- _Task item_:
Your answer is the lines below, exactly, from the one that contains "fix y assume" through the one that contains "T) \<in> (\<lambda>k.", both included.

Saved entries
== Segment start ==
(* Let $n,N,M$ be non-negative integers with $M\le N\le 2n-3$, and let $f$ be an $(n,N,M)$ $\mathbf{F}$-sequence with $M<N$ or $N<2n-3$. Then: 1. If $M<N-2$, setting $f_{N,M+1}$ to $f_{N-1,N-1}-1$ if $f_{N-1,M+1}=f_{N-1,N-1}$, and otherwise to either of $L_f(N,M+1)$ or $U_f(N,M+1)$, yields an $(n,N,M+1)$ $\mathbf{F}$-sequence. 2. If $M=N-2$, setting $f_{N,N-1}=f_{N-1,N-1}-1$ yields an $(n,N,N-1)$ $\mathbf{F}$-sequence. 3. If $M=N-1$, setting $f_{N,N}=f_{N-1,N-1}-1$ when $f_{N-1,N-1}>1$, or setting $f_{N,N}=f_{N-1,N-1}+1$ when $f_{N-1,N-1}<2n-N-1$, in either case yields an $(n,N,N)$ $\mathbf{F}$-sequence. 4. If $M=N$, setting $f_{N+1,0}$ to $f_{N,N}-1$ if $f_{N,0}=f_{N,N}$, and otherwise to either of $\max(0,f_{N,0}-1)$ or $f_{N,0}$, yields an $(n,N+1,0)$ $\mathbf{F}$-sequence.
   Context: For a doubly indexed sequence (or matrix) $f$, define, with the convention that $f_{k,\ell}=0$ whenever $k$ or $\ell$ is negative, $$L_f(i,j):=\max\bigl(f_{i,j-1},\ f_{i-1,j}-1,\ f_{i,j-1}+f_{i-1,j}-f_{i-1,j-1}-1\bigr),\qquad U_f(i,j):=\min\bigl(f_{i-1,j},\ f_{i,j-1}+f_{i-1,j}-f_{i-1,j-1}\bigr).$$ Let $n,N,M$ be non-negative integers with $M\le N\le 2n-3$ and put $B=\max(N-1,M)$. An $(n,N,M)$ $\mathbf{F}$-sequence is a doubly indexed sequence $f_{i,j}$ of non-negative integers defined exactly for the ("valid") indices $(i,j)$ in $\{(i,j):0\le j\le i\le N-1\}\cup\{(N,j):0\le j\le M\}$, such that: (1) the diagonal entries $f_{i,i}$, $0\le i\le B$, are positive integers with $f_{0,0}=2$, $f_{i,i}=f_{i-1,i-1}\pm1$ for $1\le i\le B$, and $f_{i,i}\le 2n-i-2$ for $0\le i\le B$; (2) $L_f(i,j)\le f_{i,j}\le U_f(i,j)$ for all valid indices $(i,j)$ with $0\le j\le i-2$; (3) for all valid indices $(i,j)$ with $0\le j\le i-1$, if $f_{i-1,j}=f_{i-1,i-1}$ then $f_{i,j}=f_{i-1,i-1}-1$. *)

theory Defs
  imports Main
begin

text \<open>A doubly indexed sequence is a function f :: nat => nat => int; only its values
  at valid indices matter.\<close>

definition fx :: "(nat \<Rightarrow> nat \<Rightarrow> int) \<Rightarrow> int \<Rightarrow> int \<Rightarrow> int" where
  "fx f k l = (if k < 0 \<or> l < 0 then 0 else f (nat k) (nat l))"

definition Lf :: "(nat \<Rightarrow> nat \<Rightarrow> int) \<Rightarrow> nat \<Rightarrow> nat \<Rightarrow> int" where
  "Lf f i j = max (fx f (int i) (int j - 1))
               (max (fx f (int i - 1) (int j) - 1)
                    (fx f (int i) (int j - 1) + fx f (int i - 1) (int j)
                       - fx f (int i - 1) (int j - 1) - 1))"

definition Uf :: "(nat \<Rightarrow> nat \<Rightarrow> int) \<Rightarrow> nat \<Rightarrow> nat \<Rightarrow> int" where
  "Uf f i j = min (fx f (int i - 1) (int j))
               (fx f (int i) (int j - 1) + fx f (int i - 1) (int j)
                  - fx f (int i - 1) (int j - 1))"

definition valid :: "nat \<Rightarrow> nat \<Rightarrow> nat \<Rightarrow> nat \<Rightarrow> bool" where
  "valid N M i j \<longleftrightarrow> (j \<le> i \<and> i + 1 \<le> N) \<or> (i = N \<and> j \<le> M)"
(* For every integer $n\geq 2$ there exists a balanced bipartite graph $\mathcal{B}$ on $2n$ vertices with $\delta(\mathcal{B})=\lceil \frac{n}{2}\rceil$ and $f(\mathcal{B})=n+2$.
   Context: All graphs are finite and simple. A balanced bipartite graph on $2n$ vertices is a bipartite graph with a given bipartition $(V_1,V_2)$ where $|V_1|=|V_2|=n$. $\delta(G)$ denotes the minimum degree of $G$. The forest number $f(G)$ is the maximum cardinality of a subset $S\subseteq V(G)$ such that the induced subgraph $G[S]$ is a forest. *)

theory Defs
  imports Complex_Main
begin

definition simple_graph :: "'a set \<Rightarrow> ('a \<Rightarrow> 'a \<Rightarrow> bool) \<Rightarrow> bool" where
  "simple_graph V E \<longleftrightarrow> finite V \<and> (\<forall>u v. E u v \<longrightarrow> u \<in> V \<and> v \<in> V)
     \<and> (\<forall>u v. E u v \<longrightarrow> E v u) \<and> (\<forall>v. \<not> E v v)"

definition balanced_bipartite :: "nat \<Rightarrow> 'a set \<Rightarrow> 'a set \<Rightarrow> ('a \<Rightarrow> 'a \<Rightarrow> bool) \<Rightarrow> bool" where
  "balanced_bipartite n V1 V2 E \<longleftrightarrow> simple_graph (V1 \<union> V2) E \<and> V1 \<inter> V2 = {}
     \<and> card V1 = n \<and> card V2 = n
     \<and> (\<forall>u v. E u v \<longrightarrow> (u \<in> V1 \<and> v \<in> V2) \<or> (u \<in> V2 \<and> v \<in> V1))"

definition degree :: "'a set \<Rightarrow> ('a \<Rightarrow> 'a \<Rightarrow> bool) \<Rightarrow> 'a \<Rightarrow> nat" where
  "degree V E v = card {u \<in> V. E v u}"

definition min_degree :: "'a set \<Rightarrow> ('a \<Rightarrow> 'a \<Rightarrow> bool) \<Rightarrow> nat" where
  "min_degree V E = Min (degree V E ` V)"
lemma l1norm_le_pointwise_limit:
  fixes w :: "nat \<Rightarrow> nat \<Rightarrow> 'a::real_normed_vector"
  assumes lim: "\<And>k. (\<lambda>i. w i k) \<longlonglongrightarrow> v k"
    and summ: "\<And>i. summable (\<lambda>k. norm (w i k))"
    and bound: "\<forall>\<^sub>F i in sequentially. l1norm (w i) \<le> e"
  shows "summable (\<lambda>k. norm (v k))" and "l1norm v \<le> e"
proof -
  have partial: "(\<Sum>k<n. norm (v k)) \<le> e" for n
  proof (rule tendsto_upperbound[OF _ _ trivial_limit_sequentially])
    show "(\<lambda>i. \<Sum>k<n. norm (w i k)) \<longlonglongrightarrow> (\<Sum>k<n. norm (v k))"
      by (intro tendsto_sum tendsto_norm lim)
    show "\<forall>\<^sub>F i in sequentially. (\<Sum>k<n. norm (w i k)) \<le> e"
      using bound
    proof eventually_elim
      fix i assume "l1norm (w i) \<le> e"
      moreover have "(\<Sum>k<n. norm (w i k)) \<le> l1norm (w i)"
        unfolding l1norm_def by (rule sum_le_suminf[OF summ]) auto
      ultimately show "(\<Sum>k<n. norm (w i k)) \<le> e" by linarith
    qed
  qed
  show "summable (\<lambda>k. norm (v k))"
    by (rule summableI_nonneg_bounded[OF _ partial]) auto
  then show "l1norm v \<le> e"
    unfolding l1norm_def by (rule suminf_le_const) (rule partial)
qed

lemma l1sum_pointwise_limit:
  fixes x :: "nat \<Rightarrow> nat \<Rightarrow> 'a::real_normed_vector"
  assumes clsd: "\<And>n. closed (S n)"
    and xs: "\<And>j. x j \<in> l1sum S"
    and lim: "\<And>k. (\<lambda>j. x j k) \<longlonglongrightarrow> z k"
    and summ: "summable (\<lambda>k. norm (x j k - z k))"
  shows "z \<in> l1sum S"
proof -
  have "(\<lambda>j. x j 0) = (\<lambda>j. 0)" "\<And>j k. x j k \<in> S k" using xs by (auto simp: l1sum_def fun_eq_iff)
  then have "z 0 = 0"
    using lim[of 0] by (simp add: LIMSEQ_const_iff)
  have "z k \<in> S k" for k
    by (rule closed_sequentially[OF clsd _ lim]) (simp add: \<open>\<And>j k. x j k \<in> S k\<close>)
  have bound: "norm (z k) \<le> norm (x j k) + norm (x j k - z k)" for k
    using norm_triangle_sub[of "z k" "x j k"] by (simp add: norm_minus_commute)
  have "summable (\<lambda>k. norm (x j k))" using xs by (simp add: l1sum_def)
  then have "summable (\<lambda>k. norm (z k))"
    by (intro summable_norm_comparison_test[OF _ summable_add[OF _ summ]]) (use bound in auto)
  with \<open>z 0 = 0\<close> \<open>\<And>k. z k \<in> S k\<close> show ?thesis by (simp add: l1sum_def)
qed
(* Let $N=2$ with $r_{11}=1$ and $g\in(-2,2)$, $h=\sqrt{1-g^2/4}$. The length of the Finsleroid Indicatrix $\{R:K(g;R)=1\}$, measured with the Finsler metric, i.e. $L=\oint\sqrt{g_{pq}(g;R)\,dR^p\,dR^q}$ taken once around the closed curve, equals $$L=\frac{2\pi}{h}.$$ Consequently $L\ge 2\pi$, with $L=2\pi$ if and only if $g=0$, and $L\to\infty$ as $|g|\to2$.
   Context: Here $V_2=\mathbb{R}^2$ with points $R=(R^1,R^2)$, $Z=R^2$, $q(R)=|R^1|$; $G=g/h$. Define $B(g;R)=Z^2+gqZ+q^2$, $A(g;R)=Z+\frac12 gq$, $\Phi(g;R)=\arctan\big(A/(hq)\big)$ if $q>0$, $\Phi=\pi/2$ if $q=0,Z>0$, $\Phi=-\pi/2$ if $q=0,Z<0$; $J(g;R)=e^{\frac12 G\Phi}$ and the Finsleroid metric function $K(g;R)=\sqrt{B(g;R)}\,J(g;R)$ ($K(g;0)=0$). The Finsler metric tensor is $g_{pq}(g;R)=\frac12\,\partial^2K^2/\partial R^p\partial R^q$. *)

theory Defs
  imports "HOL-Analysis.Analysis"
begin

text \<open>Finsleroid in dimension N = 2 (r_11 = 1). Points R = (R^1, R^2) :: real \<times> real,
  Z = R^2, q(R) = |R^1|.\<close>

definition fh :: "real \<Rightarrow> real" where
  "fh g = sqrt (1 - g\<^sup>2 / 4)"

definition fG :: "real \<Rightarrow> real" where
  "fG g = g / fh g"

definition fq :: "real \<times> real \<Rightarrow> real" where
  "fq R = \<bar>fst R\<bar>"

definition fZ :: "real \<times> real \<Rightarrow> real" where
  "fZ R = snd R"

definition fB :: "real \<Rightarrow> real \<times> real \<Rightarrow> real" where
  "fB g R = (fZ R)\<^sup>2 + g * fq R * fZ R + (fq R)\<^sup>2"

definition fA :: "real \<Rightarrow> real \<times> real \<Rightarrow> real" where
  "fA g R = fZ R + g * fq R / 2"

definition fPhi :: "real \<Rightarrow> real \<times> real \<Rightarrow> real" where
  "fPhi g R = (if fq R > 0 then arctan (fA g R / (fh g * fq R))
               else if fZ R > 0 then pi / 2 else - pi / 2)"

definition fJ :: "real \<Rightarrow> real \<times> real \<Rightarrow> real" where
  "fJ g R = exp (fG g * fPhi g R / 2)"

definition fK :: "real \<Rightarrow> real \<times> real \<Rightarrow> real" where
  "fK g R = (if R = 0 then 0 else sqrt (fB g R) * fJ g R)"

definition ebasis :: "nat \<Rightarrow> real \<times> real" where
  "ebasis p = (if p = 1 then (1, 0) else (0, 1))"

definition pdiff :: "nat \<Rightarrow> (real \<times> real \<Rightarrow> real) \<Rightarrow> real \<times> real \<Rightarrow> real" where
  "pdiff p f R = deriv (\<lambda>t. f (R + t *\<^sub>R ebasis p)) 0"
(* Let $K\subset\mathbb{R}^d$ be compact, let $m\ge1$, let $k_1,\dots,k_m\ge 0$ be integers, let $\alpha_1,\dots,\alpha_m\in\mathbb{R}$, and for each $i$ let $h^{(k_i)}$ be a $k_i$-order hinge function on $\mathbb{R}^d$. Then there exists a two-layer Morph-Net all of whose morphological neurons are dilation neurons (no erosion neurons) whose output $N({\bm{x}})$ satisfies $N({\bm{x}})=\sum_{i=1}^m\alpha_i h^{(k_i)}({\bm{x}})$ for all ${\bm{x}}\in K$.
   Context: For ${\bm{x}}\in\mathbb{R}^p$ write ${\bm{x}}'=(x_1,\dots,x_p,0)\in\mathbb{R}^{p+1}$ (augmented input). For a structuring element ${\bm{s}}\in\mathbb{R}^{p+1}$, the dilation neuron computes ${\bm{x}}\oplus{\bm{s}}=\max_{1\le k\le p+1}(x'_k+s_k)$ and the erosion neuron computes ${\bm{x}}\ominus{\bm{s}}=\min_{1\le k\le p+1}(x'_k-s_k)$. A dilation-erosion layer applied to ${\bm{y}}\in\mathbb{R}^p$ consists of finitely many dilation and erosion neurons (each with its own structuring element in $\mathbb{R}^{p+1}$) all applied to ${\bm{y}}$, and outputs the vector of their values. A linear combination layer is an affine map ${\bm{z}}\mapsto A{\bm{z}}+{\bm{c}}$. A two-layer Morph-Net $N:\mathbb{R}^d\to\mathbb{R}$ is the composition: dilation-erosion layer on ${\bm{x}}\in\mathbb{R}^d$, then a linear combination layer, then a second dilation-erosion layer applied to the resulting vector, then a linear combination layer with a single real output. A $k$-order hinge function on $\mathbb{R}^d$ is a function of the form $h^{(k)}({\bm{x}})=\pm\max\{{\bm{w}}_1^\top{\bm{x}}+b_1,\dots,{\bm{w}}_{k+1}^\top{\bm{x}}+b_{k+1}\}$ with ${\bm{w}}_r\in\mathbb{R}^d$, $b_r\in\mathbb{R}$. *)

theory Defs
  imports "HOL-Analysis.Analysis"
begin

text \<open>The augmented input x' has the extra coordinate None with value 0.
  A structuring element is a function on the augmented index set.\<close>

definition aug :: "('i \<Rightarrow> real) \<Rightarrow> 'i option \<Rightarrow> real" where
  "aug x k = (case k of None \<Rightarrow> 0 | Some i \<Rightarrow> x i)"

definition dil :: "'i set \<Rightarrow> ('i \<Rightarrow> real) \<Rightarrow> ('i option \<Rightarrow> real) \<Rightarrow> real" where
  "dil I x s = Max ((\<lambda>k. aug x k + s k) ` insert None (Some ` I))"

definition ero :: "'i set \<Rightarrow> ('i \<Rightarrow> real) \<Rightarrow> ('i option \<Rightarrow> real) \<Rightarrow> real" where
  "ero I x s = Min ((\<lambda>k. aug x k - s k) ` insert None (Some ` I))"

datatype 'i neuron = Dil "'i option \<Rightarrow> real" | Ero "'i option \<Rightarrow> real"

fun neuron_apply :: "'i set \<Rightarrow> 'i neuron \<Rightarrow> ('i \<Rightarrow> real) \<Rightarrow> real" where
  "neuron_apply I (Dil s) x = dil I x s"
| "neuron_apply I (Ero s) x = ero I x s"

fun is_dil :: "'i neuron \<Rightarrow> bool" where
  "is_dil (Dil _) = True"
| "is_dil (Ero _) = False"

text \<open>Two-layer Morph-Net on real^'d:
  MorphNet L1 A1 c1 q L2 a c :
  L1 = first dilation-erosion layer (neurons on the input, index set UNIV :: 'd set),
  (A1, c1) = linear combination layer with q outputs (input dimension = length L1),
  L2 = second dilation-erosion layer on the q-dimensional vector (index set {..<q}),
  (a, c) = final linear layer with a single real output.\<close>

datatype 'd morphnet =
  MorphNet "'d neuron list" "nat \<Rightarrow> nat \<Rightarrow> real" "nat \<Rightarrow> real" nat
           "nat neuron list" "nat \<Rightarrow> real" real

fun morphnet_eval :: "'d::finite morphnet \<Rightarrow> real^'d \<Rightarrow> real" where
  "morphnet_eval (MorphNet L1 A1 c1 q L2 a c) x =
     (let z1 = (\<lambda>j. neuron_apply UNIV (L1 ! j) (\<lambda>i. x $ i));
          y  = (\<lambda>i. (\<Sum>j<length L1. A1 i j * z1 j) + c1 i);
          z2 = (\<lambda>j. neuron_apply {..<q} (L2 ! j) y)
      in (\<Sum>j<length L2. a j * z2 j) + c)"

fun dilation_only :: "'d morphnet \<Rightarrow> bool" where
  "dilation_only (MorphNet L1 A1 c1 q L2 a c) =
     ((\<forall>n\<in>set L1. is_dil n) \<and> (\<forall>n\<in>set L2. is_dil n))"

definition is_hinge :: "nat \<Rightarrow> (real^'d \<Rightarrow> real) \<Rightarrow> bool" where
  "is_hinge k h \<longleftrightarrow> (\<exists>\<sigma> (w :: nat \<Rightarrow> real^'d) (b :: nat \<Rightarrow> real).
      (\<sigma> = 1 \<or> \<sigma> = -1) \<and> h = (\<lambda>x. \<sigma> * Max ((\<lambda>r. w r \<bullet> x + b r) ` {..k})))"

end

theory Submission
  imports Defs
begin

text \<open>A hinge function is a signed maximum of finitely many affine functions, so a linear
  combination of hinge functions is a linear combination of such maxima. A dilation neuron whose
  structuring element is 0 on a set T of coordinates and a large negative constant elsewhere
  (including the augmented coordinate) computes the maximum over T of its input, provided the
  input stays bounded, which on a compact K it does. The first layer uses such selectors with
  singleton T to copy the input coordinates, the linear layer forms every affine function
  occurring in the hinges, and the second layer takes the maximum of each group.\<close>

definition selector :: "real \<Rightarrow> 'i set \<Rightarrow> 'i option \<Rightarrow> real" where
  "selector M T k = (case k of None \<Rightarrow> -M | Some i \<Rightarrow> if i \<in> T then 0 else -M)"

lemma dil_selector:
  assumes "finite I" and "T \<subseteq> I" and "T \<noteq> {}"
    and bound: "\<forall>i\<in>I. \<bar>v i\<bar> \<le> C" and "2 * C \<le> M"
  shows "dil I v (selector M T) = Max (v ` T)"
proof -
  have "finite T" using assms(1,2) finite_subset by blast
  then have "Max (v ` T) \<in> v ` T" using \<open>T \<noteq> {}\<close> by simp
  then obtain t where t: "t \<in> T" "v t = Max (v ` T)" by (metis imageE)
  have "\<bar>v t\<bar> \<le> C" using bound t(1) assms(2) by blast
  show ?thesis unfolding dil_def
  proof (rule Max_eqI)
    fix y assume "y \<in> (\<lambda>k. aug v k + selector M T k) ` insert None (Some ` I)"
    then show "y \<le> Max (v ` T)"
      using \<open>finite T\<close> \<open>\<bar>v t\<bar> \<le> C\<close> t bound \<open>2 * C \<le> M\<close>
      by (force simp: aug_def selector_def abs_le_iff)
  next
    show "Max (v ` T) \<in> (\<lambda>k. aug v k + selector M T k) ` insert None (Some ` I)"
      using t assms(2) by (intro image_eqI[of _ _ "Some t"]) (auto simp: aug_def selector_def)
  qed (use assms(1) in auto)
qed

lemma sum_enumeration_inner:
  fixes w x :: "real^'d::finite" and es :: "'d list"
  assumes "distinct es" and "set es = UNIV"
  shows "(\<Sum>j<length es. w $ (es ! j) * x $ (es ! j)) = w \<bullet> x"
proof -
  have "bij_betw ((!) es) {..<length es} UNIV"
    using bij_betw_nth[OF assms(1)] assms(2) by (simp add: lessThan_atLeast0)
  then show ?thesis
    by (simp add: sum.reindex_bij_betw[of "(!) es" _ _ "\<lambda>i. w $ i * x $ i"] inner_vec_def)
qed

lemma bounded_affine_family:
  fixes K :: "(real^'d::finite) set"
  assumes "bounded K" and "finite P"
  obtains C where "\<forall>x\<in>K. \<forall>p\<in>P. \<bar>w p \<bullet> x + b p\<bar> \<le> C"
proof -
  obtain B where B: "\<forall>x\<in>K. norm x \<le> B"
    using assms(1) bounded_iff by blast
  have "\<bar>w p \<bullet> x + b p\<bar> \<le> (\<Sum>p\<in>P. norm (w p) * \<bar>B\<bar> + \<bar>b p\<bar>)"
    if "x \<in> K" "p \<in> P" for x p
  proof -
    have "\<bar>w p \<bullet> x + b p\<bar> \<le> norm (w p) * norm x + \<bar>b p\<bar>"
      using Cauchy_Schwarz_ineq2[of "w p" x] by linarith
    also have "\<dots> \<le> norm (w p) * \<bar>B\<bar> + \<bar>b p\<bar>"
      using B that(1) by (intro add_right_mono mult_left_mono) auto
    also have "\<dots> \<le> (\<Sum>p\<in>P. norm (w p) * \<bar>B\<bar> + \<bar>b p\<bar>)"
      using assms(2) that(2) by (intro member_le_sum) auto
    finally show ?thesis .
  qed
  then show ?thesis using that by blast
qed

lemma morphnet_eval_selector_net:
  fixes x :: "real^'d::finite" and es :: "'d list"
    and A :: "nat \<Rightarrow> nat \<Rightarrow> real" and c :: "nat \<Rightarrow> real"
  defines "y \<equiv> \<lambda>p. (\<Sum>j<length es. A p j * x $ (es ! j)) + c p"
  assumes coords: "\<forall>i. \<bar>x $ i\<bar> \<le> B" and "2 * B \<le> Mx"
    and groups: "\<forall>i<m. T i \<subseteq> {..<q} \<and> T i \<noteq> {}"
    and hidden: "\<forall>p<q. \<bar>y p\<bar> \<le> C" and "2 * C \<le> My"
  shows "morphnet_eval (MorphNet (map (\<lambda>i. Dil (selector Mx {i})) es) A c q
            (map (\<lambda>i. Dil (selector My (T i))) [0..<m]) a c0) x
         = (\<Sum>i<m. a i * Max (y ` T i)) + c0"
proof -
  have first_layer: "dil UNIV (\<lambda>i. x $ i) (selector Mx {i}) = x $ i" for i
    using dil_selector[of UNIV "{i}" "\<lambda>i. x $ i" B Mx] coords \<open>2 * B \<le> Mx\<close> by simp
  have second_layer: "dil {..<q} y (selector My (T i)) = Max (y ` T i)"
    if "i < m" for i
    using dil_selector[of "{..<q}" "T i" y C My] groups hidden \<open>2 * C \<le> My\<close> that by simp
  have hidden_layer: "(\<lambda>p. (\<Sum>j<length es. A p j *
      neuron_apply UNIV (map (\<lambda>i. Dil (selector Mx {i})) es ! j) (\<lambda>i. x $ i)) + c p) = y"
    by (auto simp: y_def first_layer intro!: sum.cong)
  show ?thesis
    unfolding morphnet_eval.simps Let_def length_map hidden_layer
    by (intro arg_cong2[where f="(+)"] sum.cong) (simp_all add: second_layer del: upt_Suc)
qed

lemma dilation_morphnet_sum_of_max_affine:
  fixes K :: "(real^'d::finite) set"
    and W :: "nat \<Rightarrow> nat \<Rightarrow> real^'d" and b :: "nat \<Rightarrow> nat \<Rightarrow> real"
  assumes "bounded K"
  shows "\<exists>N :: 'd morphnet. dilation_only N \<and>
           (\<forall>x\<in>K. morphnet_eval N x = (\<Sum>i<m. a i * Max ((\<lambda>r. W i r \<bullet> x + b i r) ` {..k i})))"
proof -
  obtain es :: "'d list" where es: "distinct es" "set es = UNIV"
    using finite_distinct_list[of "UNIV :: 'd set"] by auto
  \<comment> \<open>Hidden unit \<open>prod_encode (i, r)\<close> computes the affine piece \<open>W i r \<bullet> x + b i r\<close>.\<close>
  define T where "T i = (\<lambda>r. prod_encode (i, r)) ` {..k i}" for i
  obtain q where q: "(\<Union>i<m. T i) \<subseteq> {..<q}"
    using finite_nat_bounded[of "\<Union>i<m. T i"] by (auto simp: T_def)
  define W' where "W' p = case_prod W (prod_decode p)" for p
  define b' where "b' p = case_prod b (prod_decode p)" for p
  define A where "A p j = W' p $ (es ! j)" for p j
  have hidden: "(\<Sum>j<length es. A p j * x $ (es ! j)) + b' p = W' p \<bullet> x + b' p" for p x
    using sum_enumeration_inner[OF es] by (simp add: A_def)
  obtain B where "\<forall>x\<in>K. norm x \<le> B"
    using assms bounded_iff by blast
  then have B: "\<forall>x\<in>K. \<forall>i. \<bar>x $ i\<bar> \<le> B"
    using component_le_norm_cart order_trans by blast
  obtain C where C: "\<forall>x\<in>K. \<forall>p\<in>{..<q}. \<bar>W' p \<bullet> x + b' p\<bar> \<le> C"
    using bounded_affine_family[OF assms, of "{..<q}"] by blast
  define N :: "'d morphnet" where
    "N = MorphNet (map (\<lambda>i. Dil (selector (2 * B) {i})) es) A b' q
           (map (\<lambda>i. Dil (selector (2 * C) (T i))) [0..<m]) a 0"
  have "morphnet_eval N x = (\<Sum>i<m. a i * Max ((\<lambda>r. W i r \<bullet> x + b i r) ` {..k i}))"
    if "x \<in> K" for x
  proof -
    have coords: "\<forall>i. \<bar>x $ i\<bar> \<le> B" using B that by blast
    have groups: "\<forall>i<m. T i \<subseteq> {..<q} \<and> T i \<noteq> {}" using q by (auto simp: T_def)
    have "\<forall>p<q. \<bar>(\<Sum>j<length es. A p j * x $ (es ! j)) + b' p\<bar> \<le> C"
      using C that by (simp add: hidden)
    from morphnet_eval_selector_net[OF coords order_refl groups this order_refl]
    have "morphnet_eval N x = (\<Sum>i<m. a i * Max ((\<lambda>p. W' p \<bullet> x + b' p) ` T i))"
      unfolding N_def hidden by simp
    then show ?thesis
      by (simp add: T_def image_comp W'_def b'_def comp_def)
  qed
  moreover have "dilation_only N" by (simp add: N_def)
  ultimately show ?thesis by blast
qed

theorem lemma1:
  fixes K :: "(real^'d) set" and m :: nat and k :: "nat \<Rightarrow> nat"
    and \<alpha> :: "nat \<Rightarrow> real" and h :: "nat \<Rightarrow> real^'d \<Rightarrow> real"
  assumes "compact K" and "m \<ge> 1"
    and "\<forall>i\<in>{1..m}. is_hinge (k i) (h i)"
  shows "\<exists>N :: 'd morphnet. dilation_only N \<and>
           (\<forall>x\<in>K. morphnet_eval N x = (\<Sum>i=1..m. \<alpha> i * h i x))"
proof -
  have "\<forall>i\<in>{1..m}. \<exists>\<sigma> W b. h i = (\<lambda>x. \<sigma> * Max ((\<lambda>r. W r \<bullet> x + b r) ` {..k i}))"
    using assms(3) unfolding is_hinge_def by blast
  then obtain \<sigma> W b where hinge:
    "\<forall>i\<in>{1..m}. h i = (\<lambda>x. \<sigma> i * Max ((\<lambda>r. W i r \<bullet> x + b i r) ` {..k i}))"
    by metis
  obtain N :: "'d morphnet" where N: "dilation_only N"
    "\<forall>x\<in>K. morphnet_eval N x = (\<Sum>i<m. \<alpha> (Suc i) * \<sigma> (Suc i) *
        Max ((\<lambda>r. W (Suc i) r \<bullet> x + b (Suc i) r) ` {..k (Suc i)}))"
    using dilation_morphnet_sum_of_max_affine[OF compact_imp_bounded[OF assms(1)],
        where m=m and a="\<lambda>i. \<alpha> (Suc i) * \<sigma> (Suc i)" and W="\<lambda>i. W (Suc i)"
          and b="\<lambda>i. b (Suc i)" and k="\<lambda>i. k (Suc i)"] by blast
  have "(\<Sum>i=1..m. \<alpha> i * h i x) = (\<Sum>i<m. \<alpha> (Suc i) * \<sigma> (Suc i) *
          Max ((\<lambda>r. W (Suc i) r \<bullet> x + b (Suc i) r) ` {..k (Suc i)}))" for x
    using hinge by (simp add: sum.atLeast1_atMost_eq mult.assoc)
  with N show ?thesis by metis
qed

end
== Segment end ==
- _Answer below_:
    fix y assume "y \<in> (\<lambda>k. aug v k + selector M T k) ` insert None (Some ` I)"
    then show "y \<le> Max (v ` T)"
      using \<open>finite T\<close> \<open>\<bar>v t\<bar> \<le> C\<close> t bound \<open>2 * C \<le> M\<close>
      by (force simp: aug_def selector_def abs_le_iff)
  next
    show "Max (v ` T) \<in> (\<lambda>k. aug v k + selector M T k) ` insert None (Some ` I)"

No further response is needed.